Pub group Marston’s Plc is hoping to achieve £1 billion in sales this year after a strong festive period.
Latest figures show like-for-like sales for the 16-week period to 21 January were up 12.9 per cent compared with last year when the Omicron variant of Covid-19 was circulating.
For the five key festive days – Christmas Eve, Christmas Day, Boxing Day, New Year’s Eve and New Year’s Day – like-for-like sales rose 26 per cent compared to last year. This represents a 12.9 per cent increase against the 2019/20 festive period – last equivalent period of unrestricted trading before the pandemic.
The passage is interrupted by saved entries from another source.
lemma root_of_degree_one_poly_over:
  assumes F: "subfield F" and p: "poly_over F p" "degree p = 1" and x: "poly p x = 0"
  shows "x \<in> F"
proof -
  have "coeff p 0 + coeff p 1 * x = 0" using p(2) x by (simp add: poly_altdef)
  moreover have "p \<noteq> 0" using p(2) by auto
  then have "coeff p 1 \<noteq> 0" using p(2) by (metis leading_coeff_0_iff)
  ultimately have "x = - coeff p 0 / coeff p 1" by (simp add: field_simps add_eq_0_iff)
  then show ?thesis using F p(1)
    by (auto simp: poly_over_def intro!: subfield_divide subfield_uminus)
qed

lemma det_vandermonde_nonzero:
  fixes r :: "nat \<Rightarrow> 'a::field"
  assumes inj: "inj_on r {..<d}"
  shows "det (mat d d (\<lambda>(i, k). r k ^ i)) \<noteq> 0"
proof
  define Z where "Z = mat d d (\<lambda>(i, k). r k ^ i)"
  assume "det (mat d d (\<lambda>(i, k). r k ^ i)) = 0"
  then have "det (transpose_mat Z) = 0" unfolding Z_def by (subst det_transpose) auto
  then obtain v where v: "v \<in> carrier_vec d" "v \<noteq> 0\<^sub>v d" "transpose_mat Z *\<^sub>v v = 0\<^sub>v d"
    using det_0_iff_vec_prod_zero_field[of "transpose_mat Z" d] unfolding Z_def by auto
  \<comment> \<open>A nonzero polynomial of degree below d vanishing at the d distinct points r k.\<close>
  define q where "q = (\<Sum>i<d. monom (v $ i) i)"
  have coeff_q: "coeff q n = (if n < d then v $ n else 0)" for n
    unfolding q_def coeff_sum coeff_monom by (auto simp: sum.delta)
  obtain j where j: "j < d" "v $ j \<noteq> 0" using v(1,2)
    by (metis carrier_vecD eq_vecI index_zero_vec)
  have q0: "q \<noteq> 0" using coeff_q[of j] j by auto
  have "degree q \<le> d - 1" by (rule degree_le) (auto simp: coeff_q)
  then have deg_q: "degree q < d" using j by linarith
  have "poly q (r k) = 0" if k: "k < d" for k
  proof -
    have "poly q (r k) = (\<Sum>i<d. r k ^ i * v $ i)"
      unfolding q_def poly_sum poly_monom by (simp add: mult.commute)
    also have "\<dots> = (transpose_mat Z *\<^sub>v v) $ k"
      using k v(1) unfolding Z_def
      by (auto intro!: sum.cong simp: lessThan_atLeast0 scalar_prod_def)
    finally show ?thesis using v(3) k by simp
  qed
  then have "r ` {..<d} \<subseteq> {x. poly q x = 0}" by auto
  then have "card (r ` {..<d}) \<le> card {x. poly q x = 0}"
    by (intro card_mono poly_roots_finite q0)
  also have "\<dots> \<le> degree q" by (rule card_poly_roots_bound[OF q0])
  finally show False using card_image[OF inj] deg_q by simp
qed

lemma poly_eq_sum_lessThan:
  fixes p :: "'a::comm_semiring_1 poly"
  assumes "degree p < d"
  shows "poly p x = (\<Sum>j<d. coeff p j * x ^ j)"
proof -
  have "poly p x = (\<Sum>j\<le>degree p. coeff p j * x ^ j)" by (rule poly_altdef)
  also have "\<dots> = (\<Sum>j<d. coeff p j * x ^ j)"
    by (rule sum.mono_neutral_left) (use assms in \<open>auto simp: coeff_eq_0\<close>)
  finally show ?thesis .
qed

lemma vandermonde_derivative_eq:
  fixes r :: "nat \<Rightarrow> 'a::field"
  assumes "\<And>i k. i < d \<Longrightarrow> k < d \<Longrightarrow> D (r k ^ i) = poly (R i) (r k)"
    and "\<And>i. i < d \<Longrightarrow> degree (R i) < d"
  shows "map_mat D (mat d d (\<lambda>(i, k). r k ^ i))
    = mat d d (\<lambda>(i, j). coeff (R i) j) * mat d d (\<lambda>(i, k). r k ^ i)"
    (is "map_mat D ?Z = ?A * ?Z")
proof (rule eq_matI)
  fix i k assume "i < dim_row (?A * ?Z)" "k < dim_col (?A * ?Z)"
  then have ik: "i < d" "k < d" by auto
  have "(?A * ?Z) $$ (i, k) = (\<Sum>j<d. coeff (R i) j * r k ^ j)"
    using ik by (auto simp: scalar_prod_def lessThan_atLeast0 intro!: sum.cong)
  also have "\<dots> = poly (R i) (r k)" using poly_eq_sum_lessThan[OF assms(2)[OF ik(1)]] by simp
  also have "\<dots> = D (r k ^ i)" using assms(1) ik by simp
  finally show "map_mat D ?Z $$ (i, k) = (?A * ?Z) $$ (i, k)" using ik by simp
qed auto

lemma diff_subfield_Inter:
  "(\<And>E. E \<in> S \<Longrightarrow> diff_subfield D E) \<Longrightarrow> diff_subfield D (\<Inter>S)"
  unfolding diff_subfield_def subfield_def by blast

lemma diff_subfield_diff_gen: "diff_subfield D (diff_gen D F S)"
  unfolding diff_gen_def by (rule diff_subfield_Inter) auto

lemma diff_gen_upper: "F \<union> S \<subseteq> diff_gen D F S"
  unfolding diff_gen_def by auto

lemma diff_gen_least: "diff_subfield D E \<Longrightarrow> F \<union> S \<subseteq> E \<Longrightarrow> diff_gen D F S \<subseteq> E"
  unfolding diff_gen_def by auto

lemma diff_gen_eq_self: "diff_subfield D F \<Longrightarrow> S \<subseteq> F \<Longrightarrow> diff_gen D F S = F"
  using diff_gen_least[of D F F S] diff_gen_upper[of F S D] by auto

lemma subset_PV_closure: "F \<subseteq> PV_closure D F"
  unfolding PV_closure_def using diff_gen_upper by blast

lemma diff_subfield_PV_closure: "diff_subfield D (PV_closure D F)"
  unfolding PV_closure_def by (rule diff_subfield_diff_gen)

lemma fundamental_matrix_in_PV_closure:
  assumes F: "diff_subfield D F" and cst: "constants D UNIV \<subseteq> F"
    and A: "A \<in> carrier_mat n n" and Z: "Z \<in> carrier_mat n n" and det: "det Z \<noteq> 0"
    and AF: "\<forall>i<n. \<forall>j<n. A $$ (i, j) \<in> F" and eq: "map_mat D Z = A * Z"
    and ij: "i < n" "j < n"
  shows "Z $$ (i, j) \<in> PV_closure D F"
proof -
  define S where "S = {Z $$ (i, j) | i j. i < n \<and> j < n}"
  define E where "E = diff_gen D F S"
  have FE: "F \<subseteq> E" "S \<subseteq> E" unfolding E_def using diff_gen_upper[of F S D] by auto
  \<comment> \<open>No new constants can appear, since all constants of the ambient field already lie in F.\<close>
  have "constants D E = constants D F"
    using FE(1) cst unfolding constants_def by auto
  then have "PV_ext D F E"
    unfolding PV_ext_def using A Z det AF eq by (auto simp: E_def S_def)
  then have "E \<subseteq> PV_closure D F"
    unfolding PV_closure_def using diff_gen_upper[of F "\<Union>{E. PV_ext D F E}" D] by blast
  moreover have "Z $$ (i, j) \<in> S" unfolding S_def using ij by blast
  ultimately show ?thesis using FE(2) by blast
qed

lemma vandermonde_in_PV_closure:
  fixes D :: "'a::field \<Rightarrow> 'a"
  assumes F: "diff_subfield D F" and cst: "constants D UNIV \<subseteq> F"
    and r: "inj_on r {..<d}"
    and R: "\<And>i. i < d \<Longrightarrow> poly_over F (R i)" "\<And>i. i < d \<Longrightarrow> degree (R i) < d"
    and D_powers: "\<And>i k. i < d \<Longrightarrow> k < d \<Longrightarrow> D (r k ^ i) = poly (R i) (r k)"
    and ik: "i < d" "k < d"
  shows "r k ^ i \<in> PV_closure D F"
proof -
  define Z where "Z = mat d d (\<lambda>(i, k). r k ^ i)"
  define A where "A = mat d d (\<lambda>(i, j). coeff (R i) j)"
  have "map_mat D Z = A * Z"
    unfolding Z_def A_def by (rule vandermonde_derivative_eq) (use R D_powers in auto)
  moreover have "det Z \<noteq> 0" unfolding Z_def by (rule det_vandermonde_nonzero[OF r])
  moreover have "\<forall>i<d. \<forall>j<d. A $$ (i, j) \<in> F" using R(1) by (auto simp: A_def poly_over_def)
  ultimately have "Z $$ (i, k) \<in> PV_closure D F"
    using fundamental_matrix_in_PV_closure[OF F cst, of A d Z i k] ik by (simp add: A_def Z_def)
  then show ?thesis using ik by (simp add: Z_def)
qed

lemma derivative_of_powers_at_simple_roots:
  assumes der: "derivation D" and F: "diff_subfield D F"
    and p: "poly_over F p" "degree p > 0" and t: "poly_over F t"
    and simple: "\<And>x. poly p x = 0 \<Longrightarrow> poly t x * poly (pderiv p) x = 1"
  obtains R where "\<And>i. poly_over F (R i)" "\<And>i. degree (R i) < degree p"
    "\<And>i x. poly p x = 0 \<Longrightarrow> D (x ^ i) = poly (R i) x"
proof -
  have sF: "subfield F" using F by (simp add: diff_subfield_def)
  have p0: "p \<noteq> 0" using p(2) by auto
  define q where "q = - (map_poly D p * t)"
  have q: "poly_over F q" unfolding q_def
    using sF p t poly_over_map_poly[OF F derivation_zero[OF der]]
    by (intro poly_over_uminus poly_over_mult) auto
  have D_root: "D x = poly q x" if x: "poly p x = 0" for x
  proof -
    have "0 = poly (map_poly D p) x + poly (pderiv p) x * D x"
      using derivation_poly[OF der, of p x] x derivation_zero[OF der] by simp
    then have p'D: "poly (pderiv p) x * D x = - poly (map_poly D p) x"
      by (simp add: eq_neg_iff_add_eq_0 add.commute)
    have "D x = poly t x * poly (pderiv p) x * D x" using simple[OF x] by simp
    also have "\<dots> = poly q x" unfolding mult.assoc p'D q_def by simp
    finally show ?thesis .
  qed
  have "\<forall>i. \<exists>R. poly_over F R \<and> degree R < degree p \<and> (\<forall>x. poly p x = 0 \<longrightarrow> D (x ^ i) = poly R x)"
    (is "\<forall>i. \<exists>R. ?R i R")
  proof
    fix i
    have "poly_over F (monom (of_nat i) (i - 1) * q)"
      using sF q by (intro poly_over_mult poly_over_monom subfield_of_nat)
    then obtain Q R where QR: "poly_over F R" "monom (of_nat i) (i - 1) * q = Q * p + R"
      "R = 0 \<or> degree R < degree p"
      using poly_over_division[OF sF p(1) p0] by blast
    have "D (x ^ i) = poly R x" if "poly p x = 0" for x
      using derivation_power[OF der, of x i] D_root[OF that] that
        arg_cong[OF QR(2), of "\<lambda>h. poly h x"]
      by (simp add: poly_monom)
    moreover have "degree R < degree p" using QR(3) p(2) by auto
    ultimately show "\<exists>R. ?R i R" using QR(1) by blast
  qed
  from choice[OF this] obtain R where "\<forall>i. ?R i (R i)" by blast
  then show ?thesis by (intro that) auto
qed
Total retail sales in the Group’s managed and franchised pubs were up 14 per cent on last year – and 7.3 per cent more than in 2020 – with drink sales continuing to outperform food sales.
Marston’s has approximately 1,500 sites across England and Wales and its brewery is in Burton upon Trent.
In a trading update, CEO Andrew Andrea said: “Whilst we still have certain cost challenges to navigate in 2023, we are well-positioned to continue to progress our strategy and are encouraged by the level of consumer resilience experienced to date.
“Whilst still early in the New Year, trading momentum continues to build, and our primary focus remains to meet our strategic goals of achieving £1 billion sales and reducing our debt to below £1 billion with all the subsequent benefits that both of those milestones will bring to our shareholders.”
The Group’s electricity costs are hedged until the end of September this year with no change to earnings guidance and its gas price is fixed until the end of March 2025 with no additional incremental spend anticipated.